Tomas Eduardo Fernandez Lobbe created SOLR-13859:
----------------------------------------------------

             Summary: ADDREPLICA stuck in OverseerCollectionMessageHandler.waitToSeeReplicasInState
                 Key: SOLR-13859
                 URL: https://issues.apache.org/jira/browse/SOLR-13859
             Project: Solr
          Issue Type: Bug
      Security Level: Public (Default Security Level. Issues are Public)
          Components: SolrCloud
            Reporter: Tomas Eduardo Fernandez Lobbe


I noticed this every now and then in tests, ADDREPLICA command timeouts and it seems like the exceptions shows the command is stuck in {{OverseerCollectionMessageHandler.waitToSeeReplicasInState(OverseerCollectionMessageHandler.java:699)}}. There is section of the log
{noformat}
   [junit4]   2> 160264 INFO  (qtp1234431125-235) [n:127.0.0.1:56754_solr     ] o.a.s.h.a.CollectionsHandler Invoked Collection Action :addreplica with params action=ADDREPLICA&collection=tlog_replica_test_remove_leader&shard=shard1&type=TLOG&wt=javabin&version=2 and sendToOCPQueue=true
   [junit4]   2> 160269 INFO  (OverseerThreadFactory-14-thread-5-processing-n:127.0.0.1:56754_solr) [n:127.0.0.1:56754_solr c:tlog_replica_test_remove_leader s:shard1   ] o.a.s.c.a.c.AddReplicaCmd Node Identified 127.0.0.1:56754_solr for creating new replica of shard shard1 for collection tlog_replica_test_remove_leader
   [junit4]   2> 160271 INFO  (OverseerThreadFactory-14-thread-5-processing-n:127.0.0.1:56754_solr) [n:127.0.0.1:56754_solr c:tlog_replica_test_remove_leader s:shard1   ] o.a.s.c.a.c.AddReplicaCmd Returning CreateReplica command.

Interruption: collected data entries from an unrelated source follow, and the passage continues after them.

definition condF :: "('v,'e) quiver \<Rightarrow> ('v,'e,'k::field) elem set \<Rightarrow> bool" where
  "condF Q I \<longleftrightarrow> (\<forall>M. smod Q I M \<and> fin_gen Q M \<and> indecomposable Q M \<and> projective Q I M
      \<longrightarrow> projective Q I (rad Q M) \<or> simple_mod Q (rad Q M))"

definition emb :: "('v,'e,'k::field) elem \<Rightarrow> ('v,'e,'k) vec" where
  "emb f = (\<lambda>i. if i = 0 then f else pzero)"

text \<open>P_z = Sigma e_z, as the submodule (kH e_z + I)/I of Sigma = kH/I.\<close>
definition Pmod :: "('v,'e) quiver \<Rightarrow> ('v,'e,'k::field) elem set \<Rightarrow> 'v \<Rightarrow> ('v,'e,'k) smodule" where
  "Pmod Q I z = ({emb (padd (pmult Q f (pbasis (z, []))) g) | f g. f \<in> kH Q \<and> g \<in> I}, emb ` I)"

definition Smod :: "('v,'e) quiver \<Rightarrow> ('v,'e,'k::field) elem set \<Rightarrow> 'v \<Rightarrow> ('v,'e,'k) smodule" where
  "Smod Q I z = (fst (Pmod Q I z), fst (rad Q (Pmod Q I z)))"

definition Dset :: "('v,'e) quiver \<Rightarrow> ('v,'e,'k::field) elem set \<Rightarrow> 'v set" where
  "Dset Q I = {d \<in> verts Q. mod_length Q (Pmod Q I d) = 2 \<and> \<not> projective Q I (soc Q (Pmod Q I d))}"

definition rho :: "('v,'e) quiver \<Rightarrow> ('v,'e,'k::field) elem set \<Rightarrow> 'v \<Rightarrow> 'v" where
  "rho Q I d = (THE y. y \<in> verts Q \<and> mod_iso Q (Smod Q I y) (soc Q (Pmod Q I d)))"

end

theory Submission
  imports Defs "HOL-Library.Function_Algebras" "HOL.Vector_Spaces"
begin

text \<open>
  Write J for the arrow ideal and I for the ideal generated by the relations. Submodules of
  P_y correspond to left ideals T of kH with I \<subseteq> T \<subseteq> kH e_y + I. Since
  I \<subseteq> J^2, for every arrow a leaving d the left ideals
  I \<subseteq> {x. x(e_d) = x(a) = 0} \<subseteq> {x. x(e_d) = 0} \<subseteq> kH e_d + I form a chain, and it is strict
  unless every element of kH e_d vanishing at e_d and at a lies in I. As P_d has length 2, this
  excludes a second arrow out of d and puts \<beta>\<alpha>_d into I. If no arrow left d, P_d would be simple.

  Since J^m \<subseteq> I, elements of e_y J e_y are nilpotent modulo I, so P_y is local with radical
  {x. x(e_y) = 0}; hence S_y is spanned by e_y and soc P_d by \<alpha>_d. Right multiplication by
  \<alpha>_d is an isomorphism S_(t \<alpha>_d) \<cong> soc P_d, and the idempotent e_(t \<alpha>_d) tells S_(t \<alpha>_d)
  apart from every other S_y, so \<rho>(d) = t(\<alpha>_d).
\<close>

section \<open>The path algebra\<close>

definition smul :: "'k \<Rightarrow> ('v,'e,'k::field) elem \<Rightarrow> ('v,'e,'k) elem" where
  "smul c f = (\<lambda>p. c * f p)"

   [junit4]   2> 160274 INFO  (OverseerStateUpdate-72113680894263303-127.0.0.1:56754_solr-n_0000000000) [n:127.0.0.1:56754_solr     ] o.a.s.c.o.SliceMutator createReplica() {
   [junit4]   2>   "operation":"addreplica",
   [junit4]   2>   "collection":"tlog_replica_test_remove_leader",
   [junit4]   2>   "shard":"shard1",
   [junit4]   2>   "core":"tlog_replica_test_remove_leader_shard1_replica_t5",
   [junit4]   2>   "state":"down",
   [junit4]   2>   "base_url":"http://127.0.0.1:56754/solr",
   [junit4]   2>   "node_name":"127.0.0.1:56754_solr",
   [junit4]   2>   "type":"TLOG"} 
   [junit4]   2> 160385 INFO  (zkCallback-163-thread-3) [     ] o.a.s.c.c.ZkStateReader A cluster state change: [WatchedEvent state:SyncConnected type:NodeDataChanged path:/collections/tlog_replica_test_remove_leader/state.json] for collection [tlog_replica_test_remove_leader] has occurred - updating... (live nodes size: [2])

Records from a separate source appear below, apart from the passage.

lemma seq_continuous_pos_bounds:
  assumes c: "seq_continuous f" and p: "\<forall>x. 0 < f x"
  shows "\<exists>c M. 0 < c \<and> (\<forall>x. c \<le> f x \<and> f x \<le> M)"
proof -
  define G where "G = (\<lambda>x n. \<exists>c M. 0 < c \<and> (\<forall>y. (\<forall>i<n. y i = x i) \<longrightarrow> c \<le> f y \<and> f y \<le> M))"
  have "G x 0" for x
  proof (rule fan_principle[where G=G])
    fix x y :: seq and n assume a: "\<forall>i<n. x i = y i" and gx: "G x n"
    from gx obtain c M where cm: "0 < c" "\<forall>y'. (\<forall>i<n. y' i = x i) \<longrightarrow> c \<le> f y' \<and> f y' \<le> M"
      unfolding G_def by blast
    have "\<forall>y'. (\<forall>i<n. y' i = y i) \<longrightarrow> c \<le> f y' \<and> f y' \<le> M"
    proof (intro allI impI)
      fix y' assume "\<forall>i<n. y' i = y i"
      hence "\<forall>i<n. y' i = x i" using a by simp
      thus "c \<le> f y' \<and> f y' \<le> M" using cm(2) by blast
    qed
    thus "G y n" unfolding G_def using cm(1) by (intro exI[of _ c] exI[of _ M] conjI)
  next
    fix x :: seq and n assume g1: "G x (Suc n)" and g2: "G (x(n := \<not> x n)) (Suc n)"
    obtain c1 M1 where c1: "0 < c1" "\<forall>y. (\<forall>i<Suc n. y i = x i) \<longrightarrow> c1 \<le> f y \<and> f y \<le> M1"
      using g1 unfolding G_def by blast
    obtain c2 M2 where c2: "0 < c2" "\<forall>y. (\<forall>i<Suc n. y i = (x(n := \<not> x n)) i) \<longrightarrow> c2 \<le> f y \<and> f y \<le> M2"
      using g2 unfolding G_def by blast
    have "min c1 c2 \<le> f y \<and> f y \<le> max M1 M2" if "\<forall>i<n. y i = x i" for y
    proof (cases "y n = x n")
      case True
      have "\<forall>i<Suc n. y i = x i"
      proof (intro allI impI)
        fix i assume "i < Suc n" thus "y i = x i" using that True by (cases "i = n") auto
      qed
      hence "c1 \<le> f y \<and> f y \<le> M1" using c1(2) by blast
      thus ?thesis by linarith
    next
      case False
      have "\<forall>i<Suc n. y i = (x(n := \<not> x n)) i"
      proof (intro allI impI)
        fix i assume "i < Suc n" thus "y i = (x(n := \<not> x n)) i" using that False by (cases "i = n") auto
      qed
      hence "c2 \<le> f y \<and> f y \<le> M2" using c2(2) by blast
      thus ?thesis by linarith
    qed
    moreover have "0 < min c1 c2" using c1(1) c2(1) by simp
    ultimately show "G x n" unfolding G_def by (intro exI[of _ "min c1 c2"] exI[of _ "max M1 M2"] conjI) auto
  next
    fix x
    have fx: "0 < f x / 2" using p by simp
    obtain N where N: "\<forall>y. (\<forall>i<N. y i = x i) \<longrightarrow> \<bar>f y - f x\<bar> < f x / 2"
      using c[unfolded seq_continuous_def, rule_format, OF fx] by blast
    have "f x / 2 \<le> f y \<and> f y \<le> 2 * f x" if "\<forall>i<N. y i = x i" for y
    proof -
      have "\<bar>f y - f x\<bar> < f x / 2" using N that by blast
      hence "f x - f y < f x / 2" "f y - f x < f x / 2" by linarith+
      thus ?thesis using p[rule_format, of x] by linarith
    qed
    hence "G x N" unfolding G_def using fx by (intro exI[of _ "f x / 2"] exI[of _ "2 * f x"] conjI) auto
    thus "\<exists>N. G x N" by blast
  qed
  from this[of undefined] obtain c M where "0 < c" "\<forall>y. (\<forall>i<0. y i = undefined i) \<longrightarrow> c \<le> f y \<and> f y \<le> M"
    unfolding G_def by blast
  thus ?thesis by auto
qed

   [junit4]   2> 160385 INFO  (zkCallback-163-thread-2) [     ] o.a.s.c.c.ZkStateReader A cluster state change: [WatchedEvent state:SyncConnected type:NodeDataChanged path:/collections/tlog_replica_test_remove_leader/state.json] for collection [tlog_replica_test_remove_leader] has occurred - updating... (live nodes size: [2])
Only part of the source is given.